I took violin for eight or ten years, but the main thing was that my teacher’s husband was a painter from the Soviet Union. I painted with him on weekends from the time I was 14. He had one of these completely romantic studios, with a bird in a cage and musty old books. I learned how to hold a palette, how to squeeze paint out of the tube. In art school, they don’t really show you that stuff. They do everything in their power to kill the attractiveness of the whole procedure.

At Yale, you became close friends with artists Lisa Yuskavage and Sean Landers. How did their successes, and failures, affect you?

The core gang was always Richard [Phillips], Sean, and Lisa. With Sean, our work was stylistically very different. He made these drawings, fictional letters to his loan officer on yellow legal pads—they’re really weird, and I always loved them. It inspired me, because I was trying to find my style. Sean hit on something that was his alone earlier than I did.

What are some of your favorite books?

Moby-Dick was huge for me. Just the idea of a ship that moves around laterally, but you can also go down into the depths of the ocean—I thought that was so beautiful. I’ve read it over and over.

Dave Eggers wrote some of the text for your new catalogue raisonné. How did you come to work with him?

I had read his big best seller [A Heartbreaking Work of Staggering Genius], and after that, I remember reading something—I think in Harper’s—that really impressed me. He was taking questions from a Harvard audience, and someone asked about “selling out,” and he just went nuclear on the guy, and wrote this long essay about saying “yes” to everything. And it was a rallying cry. It just destroyed the whole careful, elite attitude. My wife, Rachel [Feinstein], always says, “Just say yes, always.”

You famously painted a topless portrait of Bea Arthur. Were you a big fan?

Bea Arthur painting is from Maude, which I used to watch as a kid. In the eighties, I didn’t have TV for, like, a whole decade. When I started watching again in the nineties, The Golden Girls was in syndication. When I had a loft with Sean and Kevin Landers, we’d always take a break in the afternoon and watch The Golden Girls. When I made the painting, I was living in Hoboken and still making abstract paintings, and I was very frustrated. I was walking back from the PATH train and this vision of Bea Arthur just came to me.

You also like to work from old photographic sources. Where do you find some of this stuff?
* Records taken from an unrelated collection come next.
(* The Shapley cost sharing mechanism is REP-expanded.
   Context: GND instance: finite resource set $E$; players $i \in [N]$ with strategy collections $P_i \subseteq 2^E$ and weight vectors $w_i \in \mathbb{Z}_{\geq 1}^E$; constants $q\in\mathbb{Z}_{\ge1}$, $\alpha_1,\dots,\alpha_q > 1$; for each $e$, $\sigma_e \geq 0$, $\xi_{e,j} \geq 0$ (at least one positive), and $F_e(0)=0$, $F_e(l)=\sigma_e+\sum_j \xi_{e,j} l^{\alpha_j}$ for $l>0$. Profile $p=(p_1,\dots,p_N)$, $p_i\in P_i$; load $l_e^p=\sum_{i: e\in p_i} w_i(e)$; $S_e=\{i: e\in p_i\}$. Shapley cost sharing: for $e\in p_i$, $f_{i,e}(p)=\mathbb{E}\big[F_e\big(\sum_{i'\in S_e^i(\pi_e)}w_{i'}(e)+w_i(e)\big)-F_e\big(\sum_{i'\in S_e^i(\pi_e)}w_{i'}(e)\big)\big]$, where $\pi_e$ is a uniformly random permutation of $S_e$ and $S_e^i(\pi_e)$ is the set of players preceding $i$ in $\pi_e$; $f_{i,e}(p)=0$ if $e\notin p_i$. A cost sharing mechanism $M=\{f_{i,e}\}$ is REP-expanded if for each $j\in[q]$ there are a nonnegative integer $K_j$ and nonnegative constants $x_{k,j}\in[0,\alpha_j-1]$, $y_{k,j}\in[1,\alpha_j]$, $z_{k,j}$ ($k\in[K_j]$), depending only on $\alpha_j$, with $x_{k,j}+y_{k,j}=\alpha_j$, such that for every profile $p$, player $i$ and resource $e\in p_i$: $$f_{i,e}(p)\le \sigma_e+\sum_{j\in[q]}\xi_{e,j}\sum_{k=1}^{K_j} z_{k,j}\,(l_e^p-w_i(e))^{x_{k,j}}(w_i(e))^{y_{k,j}}.$$ *)

theory Defs
  imports Complex_Main "HOL-Combinatorics.Multiset_Permutations"
begin

(* Real power with the convention 0^0 = 1 (used for (l - w)^x (w)^y in the REP bound,
   where the bases are nonnegative). Isabelle's powr has 0 powr 0 = 0, hence this wrapper. *)
definition rpow :: "real \<Rightarrow> real \<Rightarrow> real" where
  "rpow b a = (if b = 0 then (if a = 0 then 1 else 0) else b powr a)"

definition gnd_cost :: "nat \<Rightarrow> (nat \<Rightarrow> real) \<Rightarrow> real \<Rightarrow> (nat \<Rightarrow> real) \<Rightarrow> real \<Rightarrow> real" where
  "gnd_cost q \<alpha> \<sigma>e \<xi>e l = (if l = 0 then 0 else \<sigma>e + (\<Sum>j=1..q. \<xi>e j * l powr \<alpha> j))"

definition pred_weight :: "(nat \<Rightarrow> real) \<Rightarrow> nat list \<Rightarrow> nat \<Rightarrow> real" where
  "pred_weight wt \<pi> i = sum_list (map wt (takeWhile (\<lambda>x. x \<noteq> i) \<pi>))"

definition shapley_share :: "(real \<Rightarrow> real) \<Rightarrow> nat set \<Rightarrow> (nat \<Rightarrow> real) \<Rightarrow> nat \<Rightarrow> real" where
  "shapley_share F S wt i =
     (if i \<in> S then
        (\<Sum>\<pi>\<in>permutations_of_set S. F (pred_weight wt \<pi> i + wt i) - F (pred_weight wt \<pi> i))
          / real (card (permutations_of_set S))
      else 0)"

definition users :: "nat \<Rightarrow> (nat \<Rightarrow> nat set) \<Rightarrow> nat \<Rightarrow> nat set" where
  "users N p e = {i \<in> {1..N}. e \<in> p i}"

definition load :: "nat \<Rightarrow> (nat \<Rightarrow> nat set) \<Rightarrow> (nat \<Rightarrow> nat \<Rightarrow> nat) \<Rightarrow> nat \<Rightarrow> real" where
  "load N p w e = (\<Sum>i\<in>users N p e. real (w i e))"

definition shapley_cost :: "nat \<Rightarrow> (nat \<Rightarrow> real) \<Rightarrow> (nat \<Rightarrow> real) \<Rightarrow> (nat \<Rightarrow> nat \<Rightarrow> real)
    \<Rightarrow> nat \<Rightarrow> (nat \<Rightarrow> nat \<Rightarrow> nat) \<Rightarrow> (nat \<Rightarrow> nat set) \<Rightarrow> nat \<Rightarrow> nat \<Rightarrow> real" where
  "shapley_cost q \<alpha> \<sigma> \<xi> N w p i e =
     shapley_share (gnd_cost q \<alpha> (\<sigma> e) (\<xi> e)) (users N p e) (\<lambda>i'. real (w i' e)) i"

definition gnd_instance :: "nat set \<Rightarrow> nat \<Rightarrow> (nat \<Rightarrow> nat set set) \<Rightarrow> (nat \<Rightarrow> nat \<Rightarrow> nat)
    \<Rightarrow> nat \<Rightarrow> (nat \<Rightarrow> real) \<Rightarrow> (nat \<Rightarrow> real) \<Rightarrow> (nat \<Rightarrow> nat \<Rightarrow> real) \<Rightarrow> bool" where
  "gnd_instance E N P w q \<alpha> \<sigma> \<xi> \<longleftrightarrow>
     finite E \<and> (\<forall>i\<in>{1..N}. P i \<subseteq> Pow E) \<and>
     (\<forall>i\<in>{1..N}. \<forall>e\<in>E. w i e \<ge> 1) \<and>
     q \<ge> 1 \<and> (\<forall>j\<in>{1..q}. \<alpha> j > 1) \<and>
     (\<forall>e\<in>E. \<sigma> e \<ge> 0 \<and> (\<forall>j\<in>{1..q}. \<xi> e j \<ge> 0) \<and> (\<exists>j\<in>{1..q}. \<xi> e j > 0))"

definition is_profile :: "nat \<Rightarrow> (nat \<Rightarrow> nat set set) \<Rightarrow> (nat \<Rightarrow> nat set) \<Rightarrow> bool" where
  "is_profile N P p \<longleftrightarrow> (\<forall>i\<in>{1..N}. p i \<in> P i)"

end

theory Submission imports Defs begin

(* A Shapley share is an average of marginal costs F(A + w) - F(A) with 0 <= A <= l - w, where
   l is the load and w the player's weight.  For the power term l^a the mean value theorem bounds
   such a marginal cost by a w l^(a-1), and l^(a-1) <= 2^(a-1) ((l - w)^(a-1) + w^(a-1)).  Hence
   K = 2 terms suffice, with exponent pairs (a-1, 1), (0, a) and coefficient a 2^(a-1). *)

lemma powr_add_le_two_powr:
  fixes x w c :: real
  assumes "0 \<le> x" "0 < w" "0 \<le> c"
  shows "(x + w) powr c \<le> 2 powr c * (x powr c + w powr c)"
proof -
  define m where "m = max x w"
  have m_pos: "0 < m" using assms by (simp add: m_def)
  have "(x + w) powr c \<le> (2 * m) powr c"
    by (rule powr_mono2) (use assms in \<open>auto simp: m_def\<close>)
  also have "\<dots> = 2 powr c * m powr c" by (simp add: powr_mult m_pos)
  also have "m powr c \<le> x powr c + w powr c"
    by (cases "x \<le> w") (auto simp: m_def max_def)
  hence "2 powr c * m powr c \<le> 2 powr c * (x powr c + w powr c)" by simp
  finally show ?thesis .
qed

lemma powr_increment_le:
  fixes a A w :: real
  assumes a: "1 \<le> a" and A: "0 \<le> A" and w: "0 < w"
  shows "(A + w) powr a - A powr a \<le> a * w * (A + w) powr (a - 1)"
proof (cases "A = 0")
  case True
  have "w powr a = w * w powr (a - 1)"
    using w by (simp add: powr_diff field_simps)
  moreover have "0 \<le> w * w powr (a - 1)" using w by simp
  ultimately show ?thesis using True a
    by (simp add: mult.assoc mult_le_cancel_right1)
next
  case False
  hence A_pos: "0 < A" using A by simp
  have "\<exists>z>A. z < A + w \<and> (A + w) powr a - A powr a = (A + w - A) * (a * z powr (a - 1))"
    by (rule MVT2) (use w A_pos in \<open>auto intro!: has_real_derivative_powr\<close>)
  then obtain z where z: "A < z" "z < A + w" "(A + w) powr a - A powr a = w * (a * z powr (a - 1))"
    by auto
  have "z powr (a - 1) \<le> (A + w) powr (a - 1)"
    by (rule powr_mono2) (use z a A_pos in auto)
  thus ?thesis using z(3) a w by (simp add: mult_left_mono)
qed

lemma powr_increment_le_rep:
  fixes a A x w :: real
  assumes a: "1 \<le> a" and A: "0 \<le> A" "A \<le> x" and w: "0 < w"
  shows "(A + w) powr a - A powr a \<le> a * 2 powr (a - 1) * (x powr (a - 1) * w + w powr a)"
proof -
  have "(A + w) powr (a - 1) \<le> (x + w) powr (a - 1)"
    by (rule powr_mono2) (use A a w in auto)
  also have "\<dots> \<le> 2 powr (a - 1) * (x powr (a - 1) + w powr (a - 1))"
    by (rule powr_add_le_two_powr) (use A a w in auto)
  finally have "a * w * (A + w) powr (a - 1) \<le> a * w * (2 powr (a - 1) * (x powr (a - 1) + w powr (a - 1)))"
    using a w by (simp add: mult_left_mono)
  also have "\<dots> = a * 2 powr (a - 1) * (x powr (a - 1) * w + w powr a)"
    using w by (simp add: powr_diff field_simps)
  finally show ?thesis using powr_increment_le[OF a A(1) w] by linarith
qed

lemma gnd_cost_increment_le:
  assumes \<sigma>: "0 \<le> \<sigma>e" and coeffs: "\<forall>j\<in>{1..q}. 0 \<le> \<xi>e j \<and> 1 < \<alpha> j"
    and A: "0 \<le> A" "A \<le> x" and w: "0 < w"
  shows "gnd_cost q \<alpha> \<sigma>e \<xi>e (A + w) - gnd_cost q \<alpha> \<sigma>e \<xi>e A \<le>
     \<sigma>e + (\<Sum>j=1..q. \<xi>e j * (\<alpha> j * 2 powr (\<alpha> j - 1) * (x powr (\<alpha> j - 1) * w + w powr \<alpha> j)))"
proof -
  have "gnd_cost q \<alpha> \<sigma>e \<xi>e (A + w) - gnd_cost q \<alpha> \<sigma>e \<xi>e A \<le>
     \<sigma>e + (\<Sum>j=1..q. \<xi>e j * ((A + w) powr \<alpha> j - A powr \<alpha> j))"
    using w A \<sigma> by (cases "A = 0") (simp_all add: gnd_cost_def sum_subtractf[symmetric] right_diff_distrib)
  also have "\<dots> \<le> \<sigma>e + (\<Sum>j=1..q. \<xi>e j * (\<alpha> j * 2 powr (\<alpha> j - 1) * (x powr (\<alpha> j - 1) * w + w powr \<alpha> j)))"
    using coeffs A w
    by (intro add_left_mono sum_mono mult_left_mono powr_increment_le_rep) (auto simp: less_imp_le)
  finally show ?thesis .
qed

lemma pred_weight_bounds:
  assumes "\<pi> \<in> permutations_of_set S" "finite S" "i \<in> S" "\<forall>k\<in>S. 0 \<le> wt k"
  shows "0 \<le> pred_weight wt \<pi> i" "pred_weight wt \<pi> i \<le> sum wt (S - {i})"
proof -
  have \<pi>: "distinct \<pi>" "set \<pi> = S" using assms(1) by (auto dest: permutations_of_setD)
  let ?T = "set (takeWhile (\<lambda>x. x \<noteq> i) \<pi>)"
  have eq: "pred_weight wt \<pi> i = sum wt ?T"
    unfolding pred_weight_def using \<pi> by (simp add: sum_list_distinct_conv_sum_set)
  have sub: "?T \<subseteq> S - {i}" using \<pi> by (auto dest: set_takeWhileD)
  show "0 \<le> pred_weight wt \<pi> i" unfolding eq using sub assms(4)
    by (intro sum_nonneg) auto
  show "pred_weight wt \<pi> i \<le> sum wt (S - {i})" unfolding eq
    by (rule sum_mono2) (use sub assms in auto)
qed

lemma shapley_share_le:
  assumes "finite S" "i \<in> S" "\<forall>k\<in>S. 0 \<le> wt k"
    and "\<And>A. 0 \<le> A \<Longrightarrow> A \<le> sum wt (S - {i}) \<Longrightarrow> F (A + wt i) - F A \<le> B"
  shows "shapley_share F S wt i \<le> B"
proof -
  let ?P = "permutations_of_set S"
  have card_pos: "0 < real (card ?P)" using assms(1) by simp
  have "(\<Sum>\<pi>\<in>?P. F (pred_weight wt \<pi> i + wt i) - F (pred_weight wt \<pi> i)) \<le> real (card ?P) * B"
    using sum_bounded_above[of ?P _ B] assms pred_weight_bounds[OF _ assms(1-3)] by simp
  thus ?thesis using assms(2) card_pos unfolding shapley_share_def
    by (simp add: divide_le_eq mult.commute)
qed

definition shapley_rep_x :: "real \<Rightarrow> nat \<Rightarrow> real" where
  "shapley_rep_x a k = (if k = 1 then a - 1 else 0)"

definition shapley_rep_y :: "real \<Rightarrow> nat \<Rightarrow> real" where
  "shapley_rep_y a k = (if k = 1 then 1 else a)"

definition shapley_rep_z :: "real \<Rightarrow> nat \<Rightarrow> real" where
  "shapley_rep_z a k = a * 2 powr (a - 1)"

lemma shapley_rep_sum_eq:
  assumes a: "1 < a" and w: "0 < w"
  shows "(\<Sum>k=1..2. shapley_rep_z a k * rpow x (shapley_rep_x a k) * rpow w (shapley_rep_y a k))
       = a * 2 powr (a - 1) * (x powr (a - 1) * w + w powr a)"
proof -
  have "rpow x (a - 1) = x powr (a - 1)" "rpow x 0 = 1"
       "rpow w 1 = w" "rpow w a = w powr a"
    using a w by (auto simp: rpow_def)
  moreover have "{1..2::nat} = {1, 2}" by auto
  ultimately show ?thesis
    by (simp add: shapley_rep_x_def shapley_rep_y_def shapley_rep_z_def algebra_simps)
qed

lemma shapley_cost_le:
  assumes g: "gnd_instance E N P w q \<alpha> \<sigma> \<xi>" and p: "is_profile N P p"
    and i: "i \<in> {1..N}" and e: "e \<in> p i"
  shows "shapley_cost q \<alpha> \<sigma> \<xi> N w p i e \<le> \<sigma> e + (\<Sum>j=1..q. \<xi> e j *
           (\<alpha> j * 2 powr (\<alpha> j - 1) * ((load N p w e - real (w i e)) powr (\<alpha> j - 1) * real (w i e)
             + real (w i e) powr \<alpha> j)))"
proof -
  define S where "S = users N p e"
  define wt where "wt = (\<lambda>i'. real (w i' e))"
  have eE: "e \<in> E" using g p i e unfolding gnd_instance_def is_profile_def by blast
  have fin: "finite S" unfolding S_def users_def by simp
  have iS: "i \<in> S" unfolding S_def users_def using i e by simp
  have wt_ge: "\<forall>k\<in>S. 1 \<le> wt k" using g eE unfolding S_def users_def wt_def gnd_instance_def by auto
  hence wt_nonneg: "\<forall>k\<in>S. 0 \<le> wt k" by fastforce
  have wt_i: "real (w i e) = wt i" by (simp add: wt_def)
  have load_eq: "load N p w e - wt i = sum wt (S - {i})"
    unfolding load_def S_def[symmetric] using fin iS by (simp add: sum_diff1 wt_def)
  have wt_i_pos: "0 < wt i" using wt_ge iS by fastforce
  have \<sigma>: "0 \<le> \<sigma> e" and coeffs: "\<forall>j\<in>{1..q}. 0 \<le> \<xi> e j \<and> 1 < \<alpha> j"
    using g eE unfolding gnd_instance_def by auto
  show ?thesis
    unfolding shapley_cost_def wt_i load_eq S_def[symmetric] wt_def[symmetric]
    by (intro shapley_share_le[OF fin iS wt_nonneg] gnd_cost_increment_le[OF \<sigma> coeffs _ _ wt_i_pos])
qed

theorem lemma6p3:
  "\<exists>(K :: real \<Rightarrow> nat) (X :: real \<Rightarrow> nat \<Rightarrow> real) (Y :: real \<Rightarrow> nat \<Rightarrow> real) (Z :: real \<Rightarrow> nat \<Rightarrow> real).
     (\<forall>a. a > 1 \<longrightarrow> (\<forall>k\<in>{1..K a}.
          0 \<le> X a k \<and> X a k \<le> a - 1 \<and> 1 \<le> Y a k \<and> Y a k \<le> a \<and>
          X a k + Y a k = a \<and> 0 \<le> Z a k)) \<and>
     (\<forall>E N P w q \<alpha> \<sigma> \<xi> p i e.
        gnd_instance E N P w q \<alpha> \<sigma> \<xi> \<longrightarrow> is_profile N P p \<longrightarrow>
        i \<in> {1..N} \<longrightarrow> e \<in> p i \<longrightarrow>
        shapley_cost q \<alpha> \<sigma> \<xi> N w p i e
          \<le> \<sigma> e + (\<Sum>j=1..q. \<xi> e j * (\<Sum>k=1..K (\<alpha> j).
                 Z (\<alpha> j) k * rpow (load N p w e - real (w i e)) (X (\<alpha> j) k)
                             * rpow (real (w i e)) (Y (\<alpha> j) k))))"
proof (rule exI[of _ "\<lambda>_. 2"], rule exI[of _ shapley_rep_x], rule exI[of _ shapley_rep_y],
    rule exI[of _ shapley_rep_z], intro conjI allI impI)
  show "\<forall>k\<in>{1..2}. 0 \<le> shapley_rep_x a k \<and> shapley_rep_x a k \<le> a - 1 \<and> 1 \<le> shapley_rep_y a k \<and>
          shapley_rep_y a k \<le> a \<and> shapley_rep_x a k + shapley_rep_y a k = a \<and> 0 \<le> shapley_rep_z a k"
    if "1 < a" for a :: real
    using that by (auto simp: shapley_rep_x_def shapley_rep_y_def shapley_rep_z_def)
next
  fix E N P w q \<alpha> \<sigma> \<xi> p i e
  assume g: "gnd_instance E N P w q \<alpha> \<sigma> \<xi>" and p: "is_profile N P p"
    and i: "i \<in> {1..N}" and e: "e \<in> p i"
  have "e \<in> E" using g p i e unfolding gnd_instance_def is_profile_def by blast
  hence w_pos: "0 < real (w i e)" and \<alpha>: "\<forall>j\<in>{1..q}. 1 < \<alpha> j"
    using g i unfolding gnd_instance_def by fastforce+
  note shapley_cost_le[OF g p i e]
  also have "\<sigma> e + (\<Sum>j=1..q. \<xi> e j * (\<alpha> j * 2 powr (\<alpha> j - 1) *
        ((load N p w e - real (w i e)) powr (\<alpha> j - 1) * real (w i e) + real (w i e) powr \<alpha> j)))
      = \<sigma> e + (\<Sum>j=1..q. \<xi> e j * (\<Sum>k=1..2.
                 shapley_rep_z (\<alpha> j) k * rpow (load N p w e - real (w i e)) (shapley_rep_x (\<alpha> j) k)
                             * rpow (real (w i e)) (shapley_rep_y (\<alpha> j) k)))"
    using \<alpha> w_pos
    by (intro arg_cong2[where f = "(+)"] arg_cong2[where f = "(*)"] sum.cong refl
        shapley_rep_sum_eq[symmetric]) auto
  finally show "shapley_cost q \<alpha> \<sigma> \<xi> N w p i e
          \<le> \<sigma> e + (\<Sum>j=1..q. \<xi> e j * (\<Sum>k=1..2.
                 shapley_rep_z (\<alpha> j) k * rpow (load N p w e - real (w i e)) (shapley_rep_x (\<alpha> j) k)
                             * rpow (real (w i e)) (shapley_rep_y (\<alpha> j) k)))" .
qed

end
It first happened by accident. Somebody gave me three boxes of old Playboys from the seventies. The ads in those days were just better. Lately I’ve pulled some things off the Internet, old Danish porn. The crappier my source material, the more it frees me up.

In this show, there are a few paintings based on hard-core pornography.

It’s not a shock tactic. In every art school in the world there’s a guy doing porn. As a failed shock tactic, that’s kind of interesting to me.

There are also several paintings of fully clothed women absorbed in books.

After my retrospective, I became very self-conscious—thinking about feeling paralyzed. You become afraid of making bad paintings, and as a result you can’t make any paintings. The image of reading was an image of impotence, trying to think your way into a painting instead of painting it.

John Currin, at Gagosian Gallery, 980 Madison Avenue, through December 22.